(Dataset entries)

* * * *

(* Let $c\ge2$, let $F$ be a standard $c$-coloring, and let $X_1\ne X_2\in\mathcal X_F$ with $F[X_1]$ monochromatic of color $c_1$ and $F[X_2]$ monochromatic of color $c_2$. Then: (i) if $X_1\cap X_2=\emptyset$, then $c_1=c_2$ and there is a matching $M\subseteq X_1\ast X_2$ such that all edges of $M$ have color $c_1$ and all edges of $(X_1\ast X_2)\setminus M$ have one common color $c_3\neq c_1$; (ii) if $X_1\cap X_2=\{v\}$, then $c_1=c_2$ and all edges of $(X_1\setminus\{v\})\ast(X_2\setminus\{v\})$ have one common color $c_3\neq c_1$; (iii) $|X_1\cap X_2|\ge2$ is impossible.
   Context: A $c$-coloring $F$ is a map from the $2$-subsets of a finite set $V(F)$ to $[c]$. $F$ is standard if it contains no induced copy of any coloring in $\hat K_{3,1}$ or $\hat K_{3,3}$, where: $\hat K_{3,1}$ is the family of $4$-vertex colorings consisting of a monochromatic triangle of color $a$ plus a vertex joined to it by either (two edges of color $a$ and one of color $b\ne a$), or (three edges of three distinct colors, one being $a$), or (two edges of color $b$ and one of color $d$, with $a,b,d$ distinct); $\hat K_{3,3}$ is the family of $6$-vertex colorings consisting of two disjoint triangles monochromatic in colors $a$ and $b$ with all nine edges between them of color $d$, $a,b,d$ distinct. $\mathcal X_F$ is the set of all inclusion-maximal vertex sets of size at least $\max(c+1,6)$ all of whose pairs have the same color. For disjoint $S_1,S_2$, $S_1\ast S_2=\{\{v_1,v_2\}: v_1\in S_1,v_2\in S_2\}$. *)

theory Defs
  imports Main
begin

* * * *

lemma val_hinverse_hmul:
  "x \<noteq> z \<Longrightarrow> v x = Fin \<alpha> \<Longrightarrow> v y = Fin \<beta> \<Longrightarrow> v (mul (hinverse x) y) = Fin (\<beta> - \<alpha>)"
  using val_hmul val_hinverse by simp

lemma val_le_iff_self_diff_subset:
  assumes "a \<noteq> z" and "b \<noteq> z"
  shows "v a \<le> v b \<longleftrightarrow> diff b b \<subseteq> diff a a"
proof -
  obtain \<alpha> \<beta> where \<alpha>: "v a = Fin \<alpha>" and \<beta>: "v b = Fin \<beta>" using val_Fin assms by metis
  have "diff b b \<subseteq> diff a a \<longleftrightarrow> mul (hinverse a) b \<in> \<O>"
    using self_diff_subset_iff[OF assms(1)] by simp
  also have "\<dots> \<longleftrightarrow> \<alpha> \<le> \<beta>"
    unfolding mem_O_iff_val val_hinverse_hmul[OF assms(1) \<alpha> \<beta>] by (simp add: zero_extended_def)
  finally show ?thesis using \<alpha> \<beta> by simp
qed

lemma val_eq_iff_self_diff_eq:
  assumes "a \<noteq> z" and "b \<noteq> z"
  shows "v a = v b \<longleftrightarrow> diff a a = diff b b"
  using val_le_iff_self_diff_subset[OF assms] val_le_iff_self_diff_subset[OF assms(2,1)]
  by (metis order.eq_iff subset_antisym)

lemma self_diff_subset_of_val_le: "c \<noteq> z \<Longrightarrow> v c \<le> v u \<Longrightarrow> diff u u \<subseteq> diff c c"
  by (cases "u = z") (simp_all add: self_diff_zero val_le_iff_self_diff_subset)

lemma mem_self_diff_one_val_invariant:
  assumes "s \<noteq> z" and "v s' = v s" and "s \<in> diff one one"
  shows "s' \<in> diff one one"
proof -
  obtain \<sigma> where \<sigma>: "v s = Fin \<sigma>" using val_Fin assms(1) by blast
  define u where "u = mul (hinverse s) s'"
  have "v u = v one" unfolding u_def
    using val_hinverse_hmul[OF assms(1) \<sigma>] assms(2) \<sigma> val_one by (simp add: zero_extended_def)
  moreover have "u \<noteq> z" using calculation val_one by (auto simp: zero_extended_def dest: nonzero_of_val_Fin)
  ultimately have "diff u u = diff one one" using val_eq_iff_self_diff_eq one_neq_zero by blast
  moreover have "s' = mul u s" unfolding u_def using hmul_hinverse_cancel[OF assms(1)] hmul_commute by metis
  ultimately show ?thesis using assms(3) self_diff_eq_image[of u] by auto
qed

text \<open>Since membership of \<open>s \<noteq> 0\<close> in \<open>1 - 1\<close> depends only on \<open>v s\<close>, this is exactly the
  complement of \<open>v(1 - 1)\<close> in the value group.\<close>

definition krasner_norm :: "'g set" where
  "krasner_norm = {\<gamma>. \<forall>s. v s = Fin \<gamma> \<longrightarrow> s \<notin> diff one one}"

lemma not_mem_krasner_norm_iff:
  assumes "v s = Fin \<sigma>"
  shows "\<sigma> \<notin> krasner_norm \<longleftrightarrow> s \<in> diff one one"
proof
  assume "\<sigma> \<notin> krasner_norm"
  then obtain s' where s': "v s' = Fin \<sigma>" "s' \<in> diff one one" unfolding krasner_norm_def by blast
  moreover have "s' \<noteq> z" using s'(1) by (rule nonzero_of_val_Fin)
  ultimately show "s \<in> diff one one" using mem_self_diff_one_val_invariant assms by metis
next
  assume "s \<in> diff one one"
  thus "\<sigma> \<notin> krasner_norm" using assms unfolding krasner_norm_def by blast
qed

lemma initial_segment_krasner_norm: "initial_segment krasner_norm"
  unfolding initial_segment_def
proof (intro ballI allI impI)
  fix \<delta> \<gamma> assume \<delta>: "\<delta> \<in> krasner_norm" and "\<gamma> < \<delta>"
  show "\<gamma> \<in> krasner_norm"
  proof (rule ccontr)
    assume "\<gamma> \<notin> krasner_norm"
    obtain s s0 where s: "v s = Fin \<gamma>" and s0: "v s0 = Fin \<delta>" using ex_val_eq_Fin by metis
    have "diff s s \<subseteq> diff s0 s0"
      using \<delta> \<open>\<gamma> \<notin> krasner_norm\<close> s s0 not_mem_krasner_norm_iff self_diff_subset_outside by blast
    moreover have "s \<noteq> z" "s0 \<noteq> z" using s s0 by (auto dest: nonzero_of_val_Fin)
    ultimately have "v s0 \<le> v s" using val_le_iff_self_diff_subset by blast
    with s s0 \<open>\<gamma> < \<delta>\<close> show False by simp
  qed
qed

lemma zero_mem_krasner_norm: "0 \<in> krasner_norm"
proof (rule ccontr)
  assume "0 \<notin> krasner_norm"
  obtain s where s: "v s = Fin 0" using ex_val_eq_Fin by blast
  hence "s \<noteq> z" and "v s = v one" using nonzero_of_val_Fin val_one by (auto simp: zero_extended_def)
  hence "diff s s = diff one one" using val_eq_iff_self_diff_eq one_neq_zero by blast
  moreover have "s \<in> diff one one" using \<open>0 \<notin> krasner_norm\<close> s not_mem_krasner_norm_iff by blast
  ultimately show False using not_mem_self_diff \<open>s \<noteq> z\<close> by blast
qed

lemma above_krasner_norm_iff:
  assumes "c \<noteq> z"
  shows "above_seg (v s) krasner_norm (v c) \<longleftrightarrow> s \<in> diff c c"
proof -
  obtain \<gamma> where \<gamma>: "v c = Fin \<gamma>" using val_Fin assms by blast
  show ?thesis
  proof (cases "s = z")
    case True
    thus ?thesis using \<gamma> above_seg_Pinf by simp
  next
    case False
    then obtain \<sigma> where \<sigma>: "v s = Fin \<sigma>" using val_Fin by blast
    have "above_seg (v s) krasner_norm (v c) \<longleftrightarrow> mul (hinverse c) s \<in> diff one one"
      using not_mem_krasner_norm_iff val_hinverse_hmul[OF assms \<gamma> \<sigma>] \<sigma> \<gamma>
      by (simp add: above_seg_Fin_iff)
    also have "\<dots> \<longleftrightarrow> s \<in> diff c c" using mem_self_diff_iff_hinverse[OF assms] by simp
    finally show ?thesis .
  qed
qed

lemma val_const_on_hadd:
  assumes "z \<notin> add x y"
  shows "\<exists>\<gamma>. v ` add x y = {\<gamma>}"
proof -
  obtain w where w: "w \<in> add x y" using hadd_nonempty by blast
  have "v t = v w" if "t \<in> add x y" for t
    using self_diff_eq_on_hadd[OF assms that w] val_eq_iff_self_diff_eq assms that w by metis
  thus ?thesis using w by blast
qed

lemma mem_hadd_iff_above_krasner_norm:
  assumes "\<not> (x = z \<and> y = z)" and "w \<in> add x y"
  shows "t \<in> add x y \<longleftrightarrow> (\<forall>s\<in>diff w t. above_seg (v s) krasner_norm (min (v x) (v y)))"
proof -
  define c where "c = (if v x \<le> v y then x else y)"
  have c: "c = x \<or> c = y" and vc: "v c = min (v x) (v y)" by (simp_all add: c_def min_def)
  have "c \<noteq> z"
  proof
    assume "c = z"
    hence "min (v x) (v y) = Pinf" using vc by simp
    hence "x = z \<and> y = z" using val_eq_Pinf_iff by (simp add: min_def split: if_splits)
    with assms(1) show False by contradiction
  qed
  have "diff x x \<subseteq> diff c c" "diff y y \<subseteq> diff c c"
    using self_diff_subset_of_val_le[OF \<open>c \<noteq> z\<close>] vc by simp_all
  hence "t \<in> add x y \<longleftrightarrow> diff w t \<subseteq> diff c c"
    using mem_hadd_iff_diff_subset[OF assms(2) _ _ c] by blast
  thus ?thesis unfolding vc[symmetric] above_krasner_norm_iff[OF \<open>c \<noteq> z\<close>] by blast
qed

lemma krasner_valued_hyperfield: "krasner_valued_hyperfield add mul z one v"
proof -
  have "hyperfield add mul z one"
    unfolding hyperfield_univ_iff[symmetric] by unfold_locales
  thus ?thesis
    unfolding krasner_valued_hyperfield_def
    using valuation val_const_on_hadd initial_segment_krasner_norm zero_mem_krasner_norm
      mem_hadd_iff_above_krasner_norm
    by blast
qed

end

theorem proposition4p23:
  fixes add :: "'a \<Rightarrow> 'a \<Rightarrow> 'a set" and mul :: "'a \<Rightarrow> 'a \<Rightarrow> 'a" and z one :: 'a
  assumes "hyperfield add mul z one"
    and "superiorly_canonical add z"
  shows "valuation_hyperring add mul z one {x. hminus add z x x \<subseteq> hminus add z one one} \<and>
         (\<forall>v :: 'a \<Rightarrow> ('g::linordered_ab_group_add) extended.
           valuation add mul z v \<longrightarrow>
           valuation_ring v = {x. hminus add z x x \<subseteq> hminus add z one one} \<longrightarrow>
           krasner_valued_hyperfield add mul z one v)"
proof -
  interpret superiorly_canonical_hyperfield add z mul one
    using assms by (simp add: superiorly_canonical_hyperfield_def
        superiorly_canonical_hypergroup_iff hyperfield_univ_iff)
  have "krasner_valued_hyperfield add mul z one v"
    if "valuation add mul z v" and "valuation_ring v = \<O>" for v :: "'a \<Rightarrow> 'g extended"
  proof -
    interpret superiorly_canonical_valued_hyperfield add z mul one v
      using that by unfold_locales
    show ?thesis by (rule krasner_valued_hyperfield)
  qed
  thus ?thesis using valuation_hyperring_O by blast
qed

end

* * * *

■ What you should do
All lines above that contain "finally" are required in the answer.

■ Solution to the exercise
  finally show ?thesis using \<alpha> \<beta> by simp
    finally show ?thesis .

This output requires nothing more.